# How do you store bulk canning lids?



## northergardener (Dec 12, 2007)

Not a big deal, but I wondered if anyone had any creative ideas about how to store bulk canning lids. Just leave them in the paper sleeve? Put them in a box or tub? I like to be organized, but I just don't have any great ideas for these.


----------



## mzgarden (Mar 16, 2012)

and how do you store the rings too. Right now I use a plastic tub for both. Tried stringing the rings that didn't work for me.


----------



## lemonthyme7 (Jul 8, 2010)

I don't know about the bulk lids but for my rings, I have those on a metal clothes hanger that is basically shaped ino a circle but with the ends separated if that makes sense. The curved hanging part at the top of the hanger just slips around the other open end and the tension holds the circle together. It is easy to open and shut to gets the rings off. The curve on the hanger slips easily over a nail or where ever you want to hang them. Sorry, if my explanation isn't very clear.


----------



## TerriLynn (Oct 10, 2009)

I saved a couple of the boxes that new lids/rings come in, those are just the perfect size to hold the lids. 

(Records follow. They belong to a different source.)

(* Let $A\in\mathbb{R}^{m\times n}$, $L\in\mathbb{R}^{p\times n}$ with $\mathcal{N}(A)\cap\mathcal{N}(L)=\{0\}$, let $b\in\mathbb{R}^m$ and $\mu>0$. Let $\tilde V_1\in\mathbb{R}^{n\times l}$ have orthonormal columns, and set $\widehat A = A\tilde V_1$, $\widehat L = L\tilde V_1$. Suppose the matrix pair $(\widehat A,\widehat L)$ has a generalized SVD $$\widehat A = \widehat U \widehat C \widehat G^{-1},\qquad \widehat L = \widehat V\widehat S\widehat G^{-1},$$ where $\widehat U\in\mathbb{R}^{m\times l}$ and $\widehat V\in\mathbb{R}^{p\times l}$ have orthonormal columns, $\widehat C,\widehat S\in\mathbb{R}^{l\times l}$ are diagonal with nonnegative entries and $\widehat C^T\widehat C+\widehat S^T\widehat S=I$, and $\widehat G\in\mathbb{R}^{l\times l}$ is nonsingular. Define $$\widetilde A = A\tilde V_1\tilde V_1^T,\qquad \widetilde L = L\tilde V_1\tilde V_1^T.$$ Then the vector $$\tilde V_1 \widehat G(\widehat C^T\widehat C+\mu^2\widehat S^T\widehat S)^{-1}\widehat C^T\widehat U^T b$$ is the least-squares solution with minimum norm of $$\min_{x\in\mathbb{R}^n}\|\widetilde A x - b\|^2+\mu^2\|\widetilde L x\|^2,$$ i.e. the minimizer of this problem having minimal Euclidean norm.
   Context: All norms are Euclidean 2-norms; $\mathcal{N}(M)$ denotes the null space of a matrix $M$. In the paper, $\tilde V_1$ is typically obtained as the approximate right singular vectors of $A$ from a randomized SVD, but the statement holds for any $\tilde V_1$ with orthonormal columns. *)

theory Defs
  imports "HOL-Analysis.Analysis"
begin

definition orthonormal_cols :: "real^'l^'k \<Rightarrow> bool" where
  "orthonormal_cols Q \<longleftrightarrow> transpose Q ** Q = mat 1"

definition nonneg_diag :: "real^'l^'l \<Rightarrow> bool" where
  "nonneg_diag D \<longleftrightarrow> (\<forall>i j. i \<noteq> j \<longrightarrow> D $ i $ j = 0) \<and> (\<forall>i. D $ i $ i \<ge> 0)"

definition min_norm_minimizer :: "('a::real_normed_vector \<Rightarrow> real) \<Rightarrow> 'a \<Rightarrow> bool" where
  "min_norm_minimizer J x \<longleftrightarrow>
     (\<forall>z. J x \<le> J z) \<and> (\<forall>y. (\<forall>z. J y \<le> J z) \<longrightarrow> norm x \<le> norm y)"

end

theory Submission
  imports Defs
begin

text \<open>
  Since \<open>A V\<^sub>1 V\<^sub>1\<^sup>T x = U C G\<^sup>-\<^sup>1 V\<^sub>1\<^sup>T x\<close> (and likewise for \<open>L\<close>), the objective depends on \<open>x\<close> only
  through \<open>z = G\<^sup>-\<^sup>1 V\<^sub>1\<^sup>T x\<close>, and as a function of \<open>z\<close> it is the Tikhonov functional of the pair
  \<open>(U C, V S)\<close>. Its normal matrix \<open>C\<^sup>T C + \<mu>\<^sup>2 S\<^sup>T S\<close> is positive definite because
  \<open>C\<^sup>T C + S\<^sup>T S = I\<close>, so the normal equations have exactly one solution \<open>z\<^sub>0\<close>, which is the
  unique minimizer. Hence the minimizers of the original problem are exactly the \<open>x\<close> with
  \<open>V\<^sub>1\<^sup>T x = G z\<^sub>0\<close>, and \<open>V\<^sub>1 G z\<^sub>0\<close> is the one of least norm because \<open>\<parallel>V\<^sub>1\<^sup>T y\<parallel> \<le> \<parallel>y\<parallel>\<close>.
\<close>

definition tikhonov :: "real^'n^'m \<Rightarrow> real^'n^'p \<Rightarrow> real \<Rightarrow> real^'m \<Rightarrow> real^'n \<Rightarrow> real" where
  "tikhonov M N \<mu> b x = (norm (M *v x - b))\<^sup>2 + \<mu>\<^sup>2 * (norm (N *v x))\<^sup>2"

lemma tikhonov_matrix_mul:
  "tikhonov M N \<mu> b (P *v x) = tikhonov (M ** P) (N ** P) \<mu> b x"
  by (simp add: tikhonov_def matrix_vector_mul_assoc)

lemma matrix_inv_inverse:
  assumes "invertible (A::'a::semiring_1^'n^'n)"
  shows "A ** matrix_inv A = mat 1" "matrix_inv A ** A = mat 1"
proof -
  have "\<exists>A'. A ** A' = mat 1 \<and> A' ** A = mat 1"
    using assms unfolding invertible_def by blast
  from someI_ex[OF this] show "A ** matrix_inv A = mat 1" "matrix_inv A ** A = mat 1"
    unfolding matrix_inv_def by auto
qed

lemma inner_matrix_vector_mult:
  "inner ((Q::real^'a^'b) *v v) w = inner v (transpose Q *v w)"
  by (metis dot_lmul_matrix vector_transpose_matrix)

lemma orthonormal_cols_gram:
  assumes "orthonormal_cols U"
  shows "transpose (U ** C) ** (U ** C) = transpose C ** C"
  using assms unfolding orthonormal_cols_def
  by (metis matrix_mul_assoc matrix_mul_lid matrix_transpose_mul)

lemma orthonormal_cols_inner:
  assumes "orthonormal_cols Q"
  shows "inner (Q *v v) (Q *v w) = inner v w"
  using assms unfolding orthonormal_cols_def
  by (simp add: inner_matrix_vector_mult matrix_vector_mul_assoc)

lemma orthonormal_cols_norm:
  assumes "orthonormal_cols Q"
  shows "norm (Q *v v) = norm v"
  using orthonormal_cols_inner[OF assms, of v v] by (simp add: norm_eq_sqrt_inner)

lemma orthonormal_cols_transpose_norm_le:
  assumes "orthonormal_cols Q"
  shows "norm (transpose Q *v y) \<le> norm y"
proof -
  have "(norm (transpose Q *v y))\<^sup>2 = inner y (Q *v (transpose Q *v y))"
    by (metis inner_matrix_vector_mult power2_norm_eq_inner transpose_transpose)
  also have "\<dots> \<le> norm y * norm (Q *v (transpose Q *v y))"
    by (rule Cauchy_Schwarz_ineq2[THEN order_trans[OF abs_ge_self]])
  also have "\<dots> = norm y * norm (transpose Q *v y)"
    using orthonormal_cols_norm[OF assms] by simp
  finally show ?thesis
    by (metis mult_right_le_imp_le norm_ge_zero power2_eq_square order.order_iff_strict
        mult_zero_right linorder_not_le)
qed

lemma inner_regularized_gram:
  fixes C :: "real^'n^'m" and S :: "real^'n^'p"
  shows "inner w ((transpose C ** C + \<mu>\<^sup>2 *\<^sub>R (transpose S ** S)) *v w)
     = (norm (C *v w))\<^sup>2 + \<mu>\<^sup>2 * (norm (S *v w))\<^sup>2"
  by (simp add: matrix_vector_mult_add_rdistrib scaleR_matrix_vector_assoc[symmetric]
      matrix_vector_mul_assoc inner_add_right inner_matrix_vector_mult power2_norm_eq_inner)

lemma regularized_gram_definite:
  fixes C :: "real^'n^'m" and S :: "real^'n^'p"
  assumes CS: "transpose C ** C + transpose S ** S = mat 1" and "\<mu> \<noteq> 0"
    and "(norm (C *v d))\<^sup>2 + \<mu>\<^sup>2 * (norm (S *v d))\<^sup>2 = 0"
  shows "d = 0"
proof -
  have "(norm (C *v d))\<^sup>2 = 0" "(norm (S *v d))\<^sup>2 = 0"
    using assms(2,3) by (simp_all add: add_nonneg_eq_0_iff)
  moreover have "(norm (C *v d))\<^sup>2 + (norm (S *v d))\<^sup>2 = (norm d)\<^sup>2"
    using inner_regularized_gram[of d C 1 S] CS by (simp add: power2_norm_eq_inner)
  ultimately show ?thesis by simp
qed

lemma invertible_regularized_gram:
  fixes C :: "real^'n^'m" and S :: "real^'n^'p"
  assumes "transpose C ** C + transpose S ** S = mat 1" and "\<mu> \<noteq> 0"
  shows "invertible (transpose C ** C + \<mu>\<^sup>2 *\<^sub>R (transpose S ** S))"
proof -
  have "\<forall>w. (transpose C ** C + \<mu>\<^sup>2 *\<^sub>R (transpose S ** S)) *v w = 0 \<longrightarrow> w = 0"
    using regularized_gram_definite[OF assms] inner_regularized_gram by (metis inner_zero_right)
  then show ?thesis
    by (simp add: invertible_left_inverse matrix_left_invertible_ker)
qed

text \<open>Pythagoras for the normal equations: the cross term vanishes at a solution \<open>z\<close>.\<close>

lemma tikhonov_normal_equation_expansion:
  assumes "(transpose M ** M + \<mu>\<^sup>2 *\<^sub>R (transpose N ** N)) *v z = transpose M *v b"
  shows "tikhonov M N \<mu> b (z + d)
           = tikhonov M N \<mu> b z + ((norm (M *v d))\<^sup>2 + \<mu>\<^sup>2 * (norm (N *v d))\<^sup>2)"
proof -
  have "inner (M *v d) (M *v z) + \<mu>\<^sup>2 * inner (N *v d) (N *v z) = inner (M *v d) b"
    using arg_cong[OF assms, of "inner d"]
    by (simp add: matrix_vector_mult_add_rdistrib scaleR_matrix_vector_assoc[symmetric]
        matrix_vector_mul_assoc[symmetric] inner_add_right inner_matrix_vector_mult)
  then show ?thesis
    unfolding tikhonov_def
    by (simp add: power2_norm_eq_inner matrix_vector_right_distrib inner_add_left inner_add_right
        inner_diff_left inner_diff_right inner_commute algebra_simps)
qed

lemma tikhonov_unique_minimizer:
  assumes normal: "(transpose M ** M + \<mu>\<^sup>2 *\<^sub>R (transpose N ** N)) *v z = transpose M *v b"
    and definite: "\<And>d. (norm (M *v d))\<^sup>2 + \<mu>\<^sup>2 * (norm (N *v d))\<^sup>2 = 0 \<Longrightarrow> d = 0"
  shows "tikhonov M N \<mu> b z \<le> tikhonov M N \<mu> b w"
    and "tikhonov M N \<mu> b w \<le> tikhonov M N \<mu> b z \<Longrightarrow> w = z"
proof -
  have "0 \<le> (norm (M *v (w - z)))\<^sup>2 + \<mu>\<^sup>2 * (norm (N *v (w - z)))\<^sup>2" by simp
  moreover have "tikhonov M N \<mu> b w = tikhonov M N \<mu> b z
      + ((norm (M *v (w - z)))\<^sup>2 + \<mu>\<^sup>2 * (norm (N *v (w - z)))\<^sup>2)"
    using tikhonov_normal_equation_expansion[OF normal, of "w - z"] by simp
  ultimately show "tikhonov M N \<mu> b z \<le> tikhonov M N \<mu> b w"
    and "tikhonov M N \<mu> b w \<le> tikhonov M N \<mu> b z \<Longrightarrow> w = z"
    using definite[of "w - z"] by auto
qed

lemma min_norm_minimizer_transpose_orthonormal_cols:
  fixes Q :: "real^'l^'n" and g :: "real^'l \<Rightarrow> real"
  assumes Q: "orthonormal_cols Q"
    and min: "\<And>w. g w\<^sub>0 \<le> g w" and unique: "\<And>w. g w \<le> g w\<^sub>0 \<Longrightarrow> w = w\<^sub>0"
  shows "min_norm_minimizer (\<lambda>x. g (transpose Q *v x)) (Q *v w\<^sub>0)"
proof -
  have Q_left_inverse: "transpose Q *v (Q *v w\<^sub>0) = w\<^sub>0"
    using Q by (simp add: orthonormal_cols_def matrix_vector_mul_assoc)
  have "norm (Q *v w\<^sub>0) \<le> norm y" if "\<forall>x. g (transpose Q *v y) \<le> g (transpose Q *v x)" for y
  proof -
    have "transpose Q *v y = w\<^sub>0"
      using unique that Q_left_inverse by metis
    then show ?thesis
      using orthonormal_cols_norm[OF Q] orthonormal_cols_transpose_norm_le[OF Q] by metis
  qed
  then show ?thesis
    unfolding min_norm_minimizer_def using min Q_left_inverse by simp
qed

theorem lemma1:
  fixes A :: "real^'n^'m" and L :: "real^'n^'p" and b :: "real^'m" and \<mu> :: real
    and V1 :: "real^'l^'n"
    and U :: "real^'l^'m" and V :: "real^'l^'p"
    and C :: "real^'l^'l" and S :: "real^'l^'l" and G :: "real^'l^'l"
  assumes null: "\<forall>x. A *v x = 0 \<and> L *v x = 0 \<longrightarrow> x = 0"
    and mu: "\<mu> > 0"
    and V1_on: "orthonormal_cols V1"
    and U_on: "orthonormal_cols U"
    and V_on: "orthonormal_cols V"
    and C_diag: "nonneg_diag C"
    and S_diag: "nonneg_diag S"
    and CS: "transpose C ** C + transpose S ** S = mat 1"
    and G_inv: "invertible G"
    and gsvd_A: "A ** V1 = U ** C ** matrix_inv G"
    and gsvd_L: "L ** V1 = V ** S ** matrix_inv G"
  shows "min_norm_minimizer
           (\<lambda>x. (norm ((A ** V1 ** transpose V1) *v x - b))\<^sup>2
                 + \<mu>\<^sup>2 * (norm ((L ** V1 ** transpose V1) *v x))\<^sup>2)
           ((V1 ** G ** matrix_inv (transpose C ** C + \<mu>\<^sup>2 *\<^sub>R (transpose S ** S))
                   ** transpose C ** transpose U) *v b)"
proof -
  define D where "D = transpose C ** C + \<mu>\<^sup>2 *\<^sub>R (transpose S ** S)"
  define z where "z = matrix_inv D *v (transpose (U ** C) *v b)"
  let ?f = "tikhonov (U ** C) (V ** S) \<mu> b"
  have mu_nz: "\<mu> \<noteq> 0"
    using mu by simp
  have "invertible D"
    unfolding D_def using invertible_regularized_gram[OF CS mu_nz] .
  then have normal: "(transpose (U ** C) ** (U ** C) + \<mu>\<^sup>2 *\<^sub>R (transpose (V ** S) ** (V ** S))) *v z
                       = transpose (U ** C) *v b"
    by (simp add: orthonormal_cols_gram U_on V_on z_def D_def[symmetric] matrix_vector_mul_assoc
        matrix_inv_inverse)
  have z_min: "?f z \<le> ?f w" and z_unique: "?f w \<le> ?f z \<Longrightarrow> w = z" for w
    using tikhonov_unique_minimizer[OF normal] regularized_gram_definite[OF CS mu_nz]
    by (simp_all add: matrix_vector_mul_assoc[symmetric] orthonormal_cols_norm U_on V_on)
  have G_cancel: "matrix_inv G *v (G *v z) = z" "G *v (matrix_inv G *v w) = w" for w
    by (simp_all add: matrix_vector_mul_assoc matrix_inv_inverse[OF G_inv])
  have "min_norm_minimizer (\<lambda>x. ?f (matrix_inv G *v (transpose V1 *v x))) (V1 *v (G *v z))"
  proof (rule min_norm_minimizer_transpose_orthonormal_cols[OF V1_on])
    show "?f (matrix_inv G *v (G *v z)) \<le> ?f (matrix_inv G *v w)" for w
      using z_min G_cancel by simp
    show "w = G *v z" if "?f (matrix_inv G *v w) \<le> ?f (matrix_inv G *v (G *v z))" for w
      using z_unique[OF that[unfolded G_cancel(1)]] G_cancel(2) by metis
  qed
  moreover have "?f (matrix_inv G *v (transpose V1 *v x))
      = tikhonov (A ** V1 ** transpose V1) (L ** V1 ** transpose V1) \<mu> b x" for x
    by (simp only: tikhonov_matrix_mul gsvd_A gsvd_L matrix_mul_assoc)
  moreover have "(V1 ** G ** matrix_inv D ** transpose C ** transpose U) *v b = V1 *v (G *v z)"
    by (simp only: z_def matrix_transpose_mul matrix_vector_mul_assoc matrix_mul_assoc)
  ultimately show ?thesis
    unfolding tikhonov_def D_def by simp
qed

end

For rings I also just throw them in a tub with a lid after they have been washed and dried.


----------



## kasilofhome (Feb 10, 2005)

Rings storage

String with a carbine on each end one region one end wide.clipped to my wire shelving.


----------



## suitcase_sally (Mar 20, 2006)

For the rings, I use those giant plastic containers that dog cookies, pretzels, ect come in. For the lids, I just use gallon size baggies. I can fit about 250 to a bag.


----------



## Janis R (Jun 27, 2013)

I read somewhere that you shouldn't buy more than 1 years worth of lids b/c the rubber could dry out, has anyone had a problem with older lids? What about the new lids? I store my lids and bands in plastic totes separated by size and color, with tattlers in a separate tote.


----------



## flowergurl (Feb 27, 2007)

I use lids that are years and years old without any issues.


----------



## StickyFloors (Aug 4, 2014)

Janis R said:


> I read somewhere that you shouldn't buy more than 1 years worth of lids b/c the rubber could dry out, has anyone had a problem with older lids? What about the new lids? I store my lids and bands in plastic totes separated by size and color, with tattlers in a separate tote.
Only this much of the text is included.